EXERCISE BRIEF:
From the entries below, please output exactly the lines starting at the one containing "VT \<and> i" and ending at the one containing "walk of length", both included.

[Stored data]
━━━━━━
(* Let $T$ be a simple tree of maximum degree $\Delta$, let $k\ge\Delta$, and let $f$ be a covering projection from a graph $G$ to $T^{(k)}$. If $G$ contains a cycle of length 4 as a subgraph, then for at least one of the two pairs of opposite edges of this 4-cycle, both edges of the pair are mapped by $f$ onto semi-edges.
   Context: A graph is a triple $(V,\Lambda,\iota)$ where $V$ is a set of vertices, $\Lambda=E\cup L\cup S$ is a set of links partitioned into edges, loops and semi-edges, and $\iota$ assigns to each edge a 2-element subset of $V$ and to each loop or semi-edge a single vertex. A covering projection from $G$ to $H$ is a map $f:V_G\cup\Lambda_G\to V_H\cup\Lambda_H$ sending vertices to vertices and links to links such that: for every edge $e$ of $H$ with end-vertices $u,v$, $f^{-1}(e)$ is a perfect matching between $f^{-1}(u)$ and $f^{-1}(v)$; for every loop $l$ of $H$ at $u$, $f^{-1}(l)$ is a disjoint union of cycles spanning $f^{-1}(u)$; for every semi-edge $s$ of $H$ at $u$, $f^{-1}(s)$ is a disjoint union of edges and semi-edges spanning $f^{-1}(u)$. For a simple tree $T$ of maximum degree $\Delta$ and $k\ge\Delta$, $T^{(k)}$ denotes the $k$-regular graph obtained from $T$ by attaching $k-\deg_T(u)$ semi-edges to each vertex $u$. *)

theory Defs
  imports Main
begin

text \<open>A graph is given by a vertex set,
three pairwise disjoint sets of links (edges, loops, semi-edges) and an incidence
map assigning to each link its set of end-vertices.\<close>

record ('v, 'l) graph =
  gV :: "'v set"
  gE :: "'l set"
  gL :: "'l set"
  gS :: "'l set"
  gi :: "'l \<Rightarrow> 'v set"

definition links :: "('v, 'l) graph \<Rightarrow> 'l set" where
  "links G = gE G \<union> gL G \<union> gS G"

definition wf_graph :: "('v, 'l) graph \<Rightarrow> bool" where
  "wf_graph G \<longleftrightarrow>
     finite (gV G) \<and> finite (links G) \<and>
     gE G \<inter> gL G = {} \<and> gE G \<inter> gS G = {} \<and> gL G \<inter> gS G = {} \<and>
     (\<forall>e\<in>gE G. \<exists>u v. u \<noteq> v \<and> u \<in> gV G \<and> v \<in> gV G \<and> gi G e = {u, v}) \<and>
     (\<forall>l\<in>gL G \<union> gS G. \<exists>u\<in>gV G. gi G l = {u})"

definition fiber :: "('v, 'l) graph \<Rightarrow> ('v \<Rightarrow> 'w) \<Rightarrow> 'w \<Rightarrow> 'v set" where
  "fiber G fv u = {x \<in> gV G. fv x = u}"

definition lfiber :: "('v, 'l) graph \<Rightarrow> ('l \<Rightarrow> 'm) \<Rightarrow> 'm \<Rightarrow> 'l set" where
  "lfiber G fl a = {l \<in> links G. fl l = a}"

definition covering ::
  "('v, 'l) graph \<Rightarrow> ('w, 'm) graph \<Rightarrow> ('v \<Rightarrow> 'w) \<Rightarrow> ('l \<Rightarrow> 'm) \<Rightarrow> bool" where
  "covering G H fv fl \<longleftrightarrow>
     (\<forall>x\<in>gV G. fv x \<in> gV H) \<and> (\<forall>l\<in>links G. fl l \<in> links H) \<and>
     \<comment> \<open>edges: preimage is a perfect matching between the two fibres\<close>
     (\<forall>e\<in>gE H. \<forall>u v. u \<noteq> v \<and> gi H e = {u, v} \<longrightarrow>
        (\<forall>l\<in>lfiber G fl e. l \<in> gE G \<and>
            (\<exists>a b. gi G l = {a, b} \<and> a \<in> fiber G fv u \<and> b \<in> fiber G fv v)) \<and>
        (\<forall>x\<in>fiber G fv u \<union> fiber G fv v. \<exists>!l. l \<in> lfiber G fl e \<and> x \<in> gi G l)) \<and>
     \<comment> \<open>loops: preimage is a disjoint union of cycles spanning the fibre
         (each fibre vertex has degree 2, a loop counting twice)\<close>
     (\<forall>lp\<in>gL H. \<forall>u. gi H lp = {u} \<longrightarrow>
        (\<forall>l\<in>lfiber G fl lp. (l \<in> gE G \<or> l \<in> gL G) \<and> gi G l \<subseteq> fiber G fv u) \<and>
        (\<forall>x\<in>fiber G fv u.
            card {l \<in> lfiber G fl lp. l \<in> gE G \<and> x \<in> gi G l}
            + 2 * card {l \<in> lfiber G fl lp. l \<in> gL G \<and> x \<in> gi G l} = 2)) \<and>
     \<comment> \<open>semi-edges: preimage is a disjoint union of edges and semi-edges spanning the fibre\<close>
     (\<forall>s\<in>gS H. \<forall>u. gi H s = {u} \<longrightarrow>
        (\<forall>l\<in>lfiber G fl s. (l \<in> gE G \<or> l \<in> gS G) \<and> gi G l \<subseteq> fiber G fv u) \<and>
        (\<forall>x\<in>fiber G fv u. \<exists>!l. l \<in> lfiber G fl s \<and> x \<in> gi G l))"

definition simple_graph :: "'a set \<Rightarrow> 'a set set \<Rightarrow> bool" where
  "simple_graph VT ET \<longleftrightarrow> finite VT \<and>
     (\<forall>e\<in>ET. \<exists>u v. u \<noteq> v \<and> u \<in> VT \<and> v \<in> VT \<and> e = {u, v})"

definition sadj :: "'a set set \<Rightarrow> 'a \<Rightarrow> 'a \<Rightarrow> bool" where
  "sadj ET x y \<longleftrightarrow> {x, y} \<in> ET"

definition is_tree :: "'a set \<Rightarrow> 'a set set \<Rightarrow> bool" where
  "is_tree VT ET \<longleftrightarrow> simple_graph VT ET \<and> VT \<noteq> {} \<and>
     (\<forall>u\<in>VT. \<forall>v\<in>VT. (sadj ET)\<^sup>*\<^sup>* u v) \<and>
     \<not> (\<exists>cs. length cs \<ge> 3 \<and> distinct cs \<and>
          (\<forall>i<length cs. {cs ! i, cs ! ((i + 1) mod length cs)} \<in> ET))"

definition sdeg :: "'a set set \<Rightarrow> 'a \<Rightarrow> nat" where
  "sdeg ET u = card {e \<in> ET. u \<in> e}"

definition max_degree :: "'a set \<Rightarrow> 'a set set \<Rightarrow> nat" where
  "max_degree VT ET = Max (sdeg ET ` VT)"

text \<open>T^(k): attach k - deg(u) semi-edges to each vertex u. Tree edges are the links
Inl e, the semi-edges at u are Inr (u, i) for i < k - deg u.\<close>

definition Tk :: "'a set \<Rightarrow> 'a set set \<Rightarrow> nat \<Rightarrow> ('a, 'a set + ('a \<times> nat)) graph" where
  "Tk VT ET k = \<lparr> gV = VT, gE = Inl ` ET, gL = {},
      gS = {Inr (u, i) | u i. u \<in> VT \<and> i < k - sdeg ET u},
      gi = (\<lambda>l. case l of Inl e \<Rightarrow> e | Inr (u, i) \<Rightarrow> {u}) \<rparr>"

end

theory Submission
  imports Defs
begin

text \<open>An edge of G over a semi-edge of T^(k) has both ends in one fibre, and any other edge
lies over the tree edge joining the images of its ends. So the 4-cycle projects to a closed
walk of length 4 in T which at each step either stays put (exactly at the semi-edges) or
crosses a tree edge. Two consecutive edges of G over tree edges cannot lie over the same tree
edge, because at their common vertex the lift of a tree edge is unique; so the walk never
immediately backtracks. If two consecutive steps both cross edges, the remaining two steps
would close a triangle or a square in T. Hence no two consecutive steps cross edges, i.e.
the walk stays put at two opposite steps.\<close>

lemma simple_graph_edge_ends_neq:
  assumes "simple_graph VT ET" "{x, y} \<in> ET"
  shows "x \<noteq> y"
  using assms unfolding simple_graph_def by (metis doubleton_eq_iff insert_absorb2)

lemma tree_no_cycle:
  assumes "is_tree VT ET" "distinct cs" "length cs \<ge> 3"
    "\<forall>i<length cs. {cs ! i, cs ! ((i + 1) mod length cs)} \<in> ET"
  shows False
  using assms unfolding is_tree_def by blast

lemma tree_no_triangle:
  assumes "is_tree VT ET" "distinct [x, y, z]" "{x, y} \<in> ET" "{y, z} \<in> ET" "{z, x} \<in> ET"
  shows False
  by (rule tree_no_cycle[OF assms(1,2)]) (use assms(3-5) in \<open>simp_all add: All_less_Suc\<close>)

lemma tree_no_square:
  assumes "is_tree VT ET" "distinct [x, y, z, w]"
    "{x, y} \<in> ET" "{y, z} \<in> ET" "{z, w} \<in> ET" "{w, x} \<in> ET"
  shows False
  by (rule tree_no_cycle[OF assms(1,2)]) (use assms(3-6) in \<open>simp_all add: All_less_Suc\<close>)

lemma tree_no_closed_walk4_through_path:
  assumes tree: "is_tree VT ET"
    and edges: "{a0, a1} \<in> ET" "{a1, a2} \<in> ET"
    and steps: "a2 = a3 \<or> {a2, a3} \<in> ET" "a3 = a0 \<or> {a3, a0} \<in> ET"
    and "a0 \<noteq> a2"
    and no_backtrack: "a2 \<noteq> a3 \<Longrightarrow> a3 \<noteq> a0 \<Longrightarrow> a1 \<noteq> a3"
  shows False
proof -
  have sg: "simple_graph VT ET" using tree by (simp add: is_tree_def)
  have "a0 \<noteq> a1" "a1 \<noteq> a2"
    using edges by (auto dest: simple_graph_edge_ends_neq[OF sg])
  consider "a2 = a3" | "a3 = a0" | "a2 \<noteq> a3" "a3 \<noteq> a0" by blast
  then show False
  proof cases
    case 1
    then show False
      using tree_no_triangle[OF tree, of a0 a1 a2] edges steps \<open>a0 \<noteq> a1\<close> \<open>a1 \<noteq> a2\<close> \<open>a0 \<noteq> a2\<close>
      by auto
  next
    case 2
    then show False
      using tree_no_triangle[OF tree, of a0 a1 a2] edges steps \<open>a0 \<noteq> a1\<close> \<open>a1 \<noteq> a2\<close> \<open>a0 \<noteq> a2\<close>
      by (auto simp: insert_commute)
  next
    case 3
    then show False
      using tree_no_square[OF tree, of a0 a1 a2 a3] edges steps no_backtrack
        \<open>a0 \<noteq> a1\<close> \<open>a1 \<noteq> a2\<close> \<open>a0 \<noteq> a2\<close>
      by auto
  qed
qed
━━━━━━
EXERCISE OUTPUT:
      gS = {Inr (u, i) | u i. u \<in> VT \<and> i < k - sdeg ET u},
      gi = (\<lambda>l. case l of Inl e \<Rightarrow> e | Inr (u, i) \<Rightarrow> {u}) \<rparr>"

end

theory Submission
  imports Defs
begin

text \<open>An edge of G over a semi-edge of T^(k) has both ends in one fibre, and any other edge
lies over the tree edge joining the images of its ends. So the 4-cycle projects to a closed
walk of length 4 in T which at each step either stays put (exactly at the semi-edges) or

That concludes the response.